> [Task] Search the data below for "using"; list each line that holds it.

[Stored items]
>>>
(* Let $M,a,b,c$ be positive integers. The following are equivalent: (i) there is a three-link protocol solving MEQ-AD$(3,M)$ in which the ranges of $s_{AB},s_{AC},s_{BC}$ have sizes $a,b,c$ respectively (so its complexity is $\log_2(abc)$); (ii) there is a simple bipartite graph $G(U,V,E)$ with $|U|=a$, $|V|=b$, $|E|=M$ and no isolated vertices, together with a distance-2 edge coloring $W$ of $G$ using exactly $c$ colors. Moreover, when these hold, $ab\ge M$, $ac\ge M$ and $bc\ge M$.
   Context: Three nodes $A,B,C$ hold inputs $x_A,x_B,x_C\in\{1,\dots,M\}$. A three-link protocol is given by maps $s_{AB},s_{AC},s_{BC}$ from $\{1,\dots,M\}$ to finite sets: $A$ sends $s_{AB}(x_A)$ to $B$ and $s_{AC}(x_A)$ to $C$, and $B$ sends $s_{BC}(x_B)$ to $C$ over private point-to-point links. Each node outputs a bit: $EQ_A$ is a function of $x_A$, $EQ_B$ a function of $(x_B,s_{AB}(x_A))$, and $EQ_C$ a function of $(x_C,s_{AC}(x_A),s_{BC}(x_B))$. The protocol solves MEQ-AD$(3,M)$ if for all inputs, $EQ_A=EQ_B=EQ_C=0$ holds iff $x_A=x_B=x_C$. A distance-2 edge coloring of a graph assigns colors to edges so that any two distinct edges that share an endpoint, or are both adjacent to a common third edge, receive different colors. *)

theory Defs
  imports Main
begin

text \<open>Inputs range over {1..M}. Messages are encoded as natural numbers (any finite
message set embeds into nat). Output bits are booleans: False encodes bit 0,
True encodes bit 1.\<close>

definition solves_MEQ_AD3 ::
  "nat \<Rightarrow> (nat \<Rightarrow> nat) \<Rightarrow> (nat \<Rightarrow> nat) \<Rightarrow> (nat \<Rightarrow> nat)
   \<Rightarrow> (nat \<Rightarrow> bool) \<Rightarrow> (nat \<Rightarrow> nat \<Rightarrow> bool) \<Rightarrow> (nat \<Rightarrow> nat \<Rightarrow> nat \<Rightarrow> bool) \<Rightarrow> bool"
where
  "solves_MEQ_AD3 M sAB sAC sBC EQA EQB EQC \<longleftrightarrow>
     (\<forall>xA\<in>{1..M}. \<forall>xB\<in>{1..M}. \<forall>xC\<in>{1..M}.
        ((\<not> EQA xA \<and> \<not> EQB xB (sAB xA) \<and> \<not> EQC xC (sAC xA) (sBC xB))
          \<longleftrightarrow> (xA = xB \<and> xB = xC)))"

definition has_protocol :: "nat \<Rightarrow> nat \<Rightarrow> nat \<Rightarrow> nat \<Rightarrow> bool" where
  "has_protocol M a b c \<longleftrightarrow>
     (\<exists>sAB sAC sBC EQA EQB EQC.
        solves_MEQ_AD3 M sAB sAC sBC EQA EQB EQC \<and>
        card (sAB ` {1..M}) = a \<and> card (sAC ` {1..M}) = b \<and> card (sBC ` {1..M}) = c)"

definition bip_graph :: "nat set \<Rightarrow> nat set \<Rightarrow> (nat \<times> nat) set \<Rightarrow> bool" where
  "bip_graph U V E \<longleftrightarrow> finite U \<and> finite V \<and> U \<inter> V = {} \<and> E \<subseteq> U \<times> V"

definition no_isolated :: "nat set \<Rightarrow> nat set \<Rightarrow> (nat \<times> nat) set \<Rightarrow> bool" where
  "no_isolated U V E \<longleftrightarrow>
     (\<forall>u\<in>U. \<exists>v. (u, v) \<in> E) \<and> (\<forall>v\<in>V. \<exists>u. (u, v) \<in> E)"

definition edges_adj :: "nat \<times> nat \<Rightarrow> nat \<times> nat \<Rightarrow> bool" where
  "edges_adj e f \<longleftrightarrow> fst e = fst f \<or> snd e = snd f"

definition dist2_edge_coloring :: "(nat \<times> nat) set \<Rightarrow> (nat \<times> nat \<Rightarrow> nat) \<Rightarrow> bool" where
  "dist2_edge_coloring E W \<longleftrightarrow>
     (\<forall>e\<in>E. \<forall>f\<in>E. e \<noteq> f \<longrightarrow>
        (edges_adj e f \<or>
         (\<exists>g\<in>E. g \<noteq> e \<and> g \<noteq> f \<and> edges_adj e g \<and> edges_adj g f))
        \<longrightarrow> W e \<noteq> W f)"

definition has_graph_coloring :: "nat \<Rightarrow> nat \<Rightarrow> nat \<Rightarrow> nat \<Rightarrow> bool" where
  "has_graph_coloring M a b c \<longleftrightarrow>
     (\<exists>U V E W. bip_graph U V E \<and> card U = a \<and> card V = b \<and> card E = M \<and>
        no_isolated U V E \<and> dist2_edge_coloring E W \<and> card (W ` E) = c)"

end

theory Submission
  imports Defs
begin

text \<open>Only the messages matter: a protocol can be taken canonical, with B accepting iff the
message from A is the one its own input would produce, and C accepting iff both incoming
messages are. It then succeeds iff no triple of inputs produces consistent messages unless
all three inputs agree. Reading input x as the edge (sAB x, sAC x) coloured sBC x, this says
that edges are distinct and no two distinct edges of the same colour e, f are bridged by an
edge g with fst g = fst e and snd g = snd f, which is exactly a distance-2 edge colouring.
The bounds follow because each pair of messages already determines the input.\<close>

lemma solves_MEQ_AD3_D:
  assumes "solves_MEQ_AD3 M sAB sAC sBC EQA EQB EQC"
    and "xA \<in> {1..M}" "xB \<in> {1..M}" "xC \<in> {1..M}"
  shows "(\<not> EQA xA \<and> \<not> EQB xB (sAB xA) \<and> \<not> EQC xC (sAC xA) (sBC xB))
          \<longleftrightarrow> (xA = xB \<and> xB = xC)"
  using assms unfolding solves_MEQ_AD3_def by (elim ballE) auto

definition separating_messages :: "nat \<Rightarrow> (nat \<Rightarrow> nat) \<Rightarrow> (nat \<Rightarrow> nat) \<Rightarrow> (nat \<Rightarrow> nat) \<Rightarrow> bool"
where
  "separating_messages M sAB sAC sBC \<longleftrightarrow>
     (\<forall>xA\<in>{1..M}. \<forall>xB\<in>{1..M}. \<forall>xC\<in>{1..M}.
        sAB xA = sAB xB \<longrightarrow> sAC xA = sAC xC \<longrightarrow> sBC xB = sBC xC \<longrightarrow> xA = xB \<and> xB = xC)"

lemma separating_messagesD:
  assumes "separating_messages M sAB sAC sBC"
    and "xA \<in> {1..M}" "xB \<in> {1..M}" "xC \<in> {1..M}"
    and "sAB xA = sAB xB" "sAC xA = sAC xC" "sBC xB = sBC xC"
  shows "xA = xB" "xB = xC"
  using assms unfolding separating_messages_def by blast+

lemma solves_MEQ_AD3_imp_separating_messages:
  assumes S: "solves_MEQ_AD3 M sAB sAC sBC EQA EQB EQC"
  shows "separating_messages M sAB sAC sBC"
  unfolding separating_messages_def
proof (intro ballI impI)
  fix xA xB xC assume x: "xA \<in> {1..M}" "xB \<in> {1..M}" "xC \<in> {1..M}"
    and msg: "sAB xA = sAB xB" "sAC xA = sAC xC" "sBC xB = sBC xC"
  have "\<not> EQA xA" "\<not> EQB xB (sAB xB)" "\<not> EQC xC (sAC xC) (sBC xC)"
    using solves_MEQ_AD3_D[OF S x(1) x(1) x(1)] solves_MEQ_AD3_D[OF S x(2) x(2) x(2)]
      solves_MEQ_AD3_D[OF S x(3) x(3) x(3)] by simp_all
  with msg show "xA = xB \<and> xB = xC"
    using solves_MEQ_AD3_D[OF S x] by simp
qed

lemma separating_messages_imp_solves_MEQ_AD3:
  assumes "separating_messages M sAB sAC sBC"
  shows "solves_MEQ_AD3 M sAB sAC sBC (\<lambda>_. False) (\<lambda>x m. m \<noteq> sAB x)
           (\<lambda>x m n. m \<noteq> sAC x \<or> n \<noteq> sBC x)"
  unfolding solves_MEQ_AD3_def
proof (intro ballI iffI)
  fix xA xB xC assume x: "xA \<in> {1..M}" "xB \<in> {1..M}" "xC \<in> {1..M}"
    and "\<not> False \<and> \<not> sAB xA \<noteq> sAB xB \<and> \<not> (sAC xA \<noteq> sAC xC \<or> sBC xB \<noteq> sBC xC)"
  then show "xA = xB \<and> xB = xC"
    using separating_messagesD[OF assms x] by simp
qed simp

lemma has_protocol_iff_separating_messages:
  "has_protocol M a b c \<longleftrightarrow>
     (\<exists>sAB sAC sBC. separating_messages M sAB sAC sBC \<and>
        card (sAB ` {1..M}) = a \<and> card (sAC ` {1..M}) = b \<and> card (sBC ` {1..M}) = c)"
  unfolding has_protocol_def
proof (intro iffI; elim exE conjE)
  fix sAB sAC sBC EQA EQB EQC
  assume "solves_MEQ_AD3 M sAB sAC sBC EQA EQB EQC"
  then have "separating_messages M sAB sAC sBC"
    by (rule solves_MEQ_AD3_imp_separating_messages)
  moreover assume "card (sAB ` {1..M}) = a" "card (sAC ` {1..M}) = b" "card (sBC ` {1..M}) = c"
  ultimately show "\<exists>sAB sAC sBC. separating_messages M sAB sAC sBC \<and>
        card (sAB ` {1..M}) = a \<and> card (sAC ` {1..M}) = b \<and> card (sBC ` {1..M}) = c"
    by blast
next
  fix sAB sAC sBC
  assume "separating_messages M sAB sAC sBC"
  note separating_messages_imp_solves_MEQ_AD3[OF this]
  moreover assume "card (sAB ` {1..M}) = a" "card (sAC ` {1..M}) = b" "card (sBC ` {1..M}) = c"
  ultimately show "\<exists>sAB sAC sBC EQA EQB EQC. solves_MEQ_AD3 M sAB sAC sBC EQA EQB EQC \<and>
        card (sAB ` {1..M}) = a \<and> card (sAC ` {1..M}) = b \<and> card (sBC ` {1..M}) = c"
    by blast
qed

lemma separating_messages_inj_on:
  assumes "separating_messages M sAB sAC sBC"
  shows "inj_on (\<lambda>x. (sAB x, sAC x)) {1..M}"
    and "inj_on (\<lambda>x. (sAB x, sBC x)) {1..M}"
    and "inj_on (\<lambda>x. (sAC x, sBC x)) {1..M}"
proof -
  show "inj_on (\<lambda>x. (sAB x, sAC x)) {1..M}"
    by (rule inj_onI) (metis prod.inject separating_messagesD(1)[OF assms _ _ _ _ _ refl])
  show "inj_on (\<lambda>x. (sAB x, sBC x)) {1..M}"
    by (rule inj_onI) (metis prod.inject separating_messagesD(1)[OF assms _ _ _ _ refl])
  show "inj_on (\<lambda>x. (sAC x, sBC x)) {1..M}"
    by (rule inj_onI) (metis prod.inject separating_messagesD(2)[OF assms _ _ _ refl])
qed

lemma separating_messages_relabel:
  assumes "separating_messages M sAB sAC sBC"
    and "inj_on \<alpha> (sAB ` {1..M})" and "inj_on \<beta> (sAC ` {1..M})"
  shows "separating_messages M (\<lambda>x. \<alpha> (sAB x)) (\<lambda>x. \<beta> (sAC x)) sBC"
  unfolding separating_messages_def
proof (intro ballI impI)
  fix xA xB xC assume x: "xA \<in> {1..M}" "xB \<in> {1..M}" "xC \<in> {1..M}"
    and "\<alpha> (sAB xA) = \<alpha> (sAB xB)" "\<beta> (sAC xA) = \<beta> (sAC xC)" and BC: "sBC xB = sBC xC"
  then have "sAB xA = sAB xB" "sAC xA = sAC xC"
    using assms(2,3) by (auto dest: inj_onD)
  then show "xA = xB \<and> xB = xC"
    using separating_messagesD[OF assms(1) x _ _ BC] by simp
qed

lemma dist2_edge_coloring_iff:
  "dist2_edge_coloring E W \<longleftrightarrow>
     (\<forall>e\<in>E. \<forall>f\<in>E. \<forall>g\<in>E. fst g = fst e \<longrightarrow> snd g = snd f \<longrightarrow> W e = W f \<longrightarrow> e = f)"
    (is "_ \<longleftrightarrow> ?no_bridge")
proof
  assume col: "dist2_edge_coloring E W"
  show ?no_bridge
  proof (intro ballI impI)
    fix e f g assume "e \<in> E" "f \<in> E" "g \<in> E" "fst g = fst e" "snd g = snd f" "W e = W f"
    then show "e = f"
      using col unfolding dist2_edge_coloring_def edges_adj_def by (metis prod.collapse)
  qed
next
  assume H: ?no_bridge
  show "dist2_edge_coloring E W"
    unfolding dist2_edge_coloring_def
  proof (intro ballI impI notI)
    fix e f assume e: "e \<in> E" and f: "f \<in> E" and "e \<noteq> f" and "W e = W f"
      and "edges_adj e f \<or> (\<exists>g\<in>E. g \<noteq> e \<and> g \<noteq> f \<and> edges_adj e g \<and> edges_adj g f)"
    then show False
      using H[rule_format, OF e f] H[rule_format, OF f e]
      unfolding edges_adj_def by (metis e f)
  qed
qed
<<<
> [Answer]
(* Let $M,a,b,c$ be positive integers. The following are equivalent: (i) there is a three-link protocol solving MEQ-AD$(3,M)$ in which the ranges of $s_{AB},s_{AC},s_{BC}$ have sizes $a,b,c$ respectively (so its complexity is $\log_2(abc)$); (ii) there is a simple bipartite graph $G(U,V,E)$ with $|U|=a$, $|V|=b$, $|E|=M$ and no isolated vertices, together with a distance-2 edge coloring $W$ of $G$ using exactly $c$ colors. Moreover, when these hold, $ab\ge M$, $ac\ge M$ and $bc\ge M$.
  using assms unfolding solves_MEQ_AD3_def by (elim ballE) auto
  using assms unfolding separating_messages_def by blast+
    using solves_MEQ_AD3_D[OF S x(1) x(1) x(1)] solves_MEQ_AD3_D[OF S x(2) x(2) x(2)]
    using solves_MEQ_AD3_D[OF S x] by simp
    using separating_messagesD[OF assms x] by simp
    using assms(2,3) by (auto dest: inj_onD)
    using separating_messagesD[OF assms(1) x _ _ BC] by simp
      using col unfolding dist2_edge_coloring_def edges_adj_def by (metis prod.collapse)
      using H[rule_format, OF e f] H[rule_format, OF f e]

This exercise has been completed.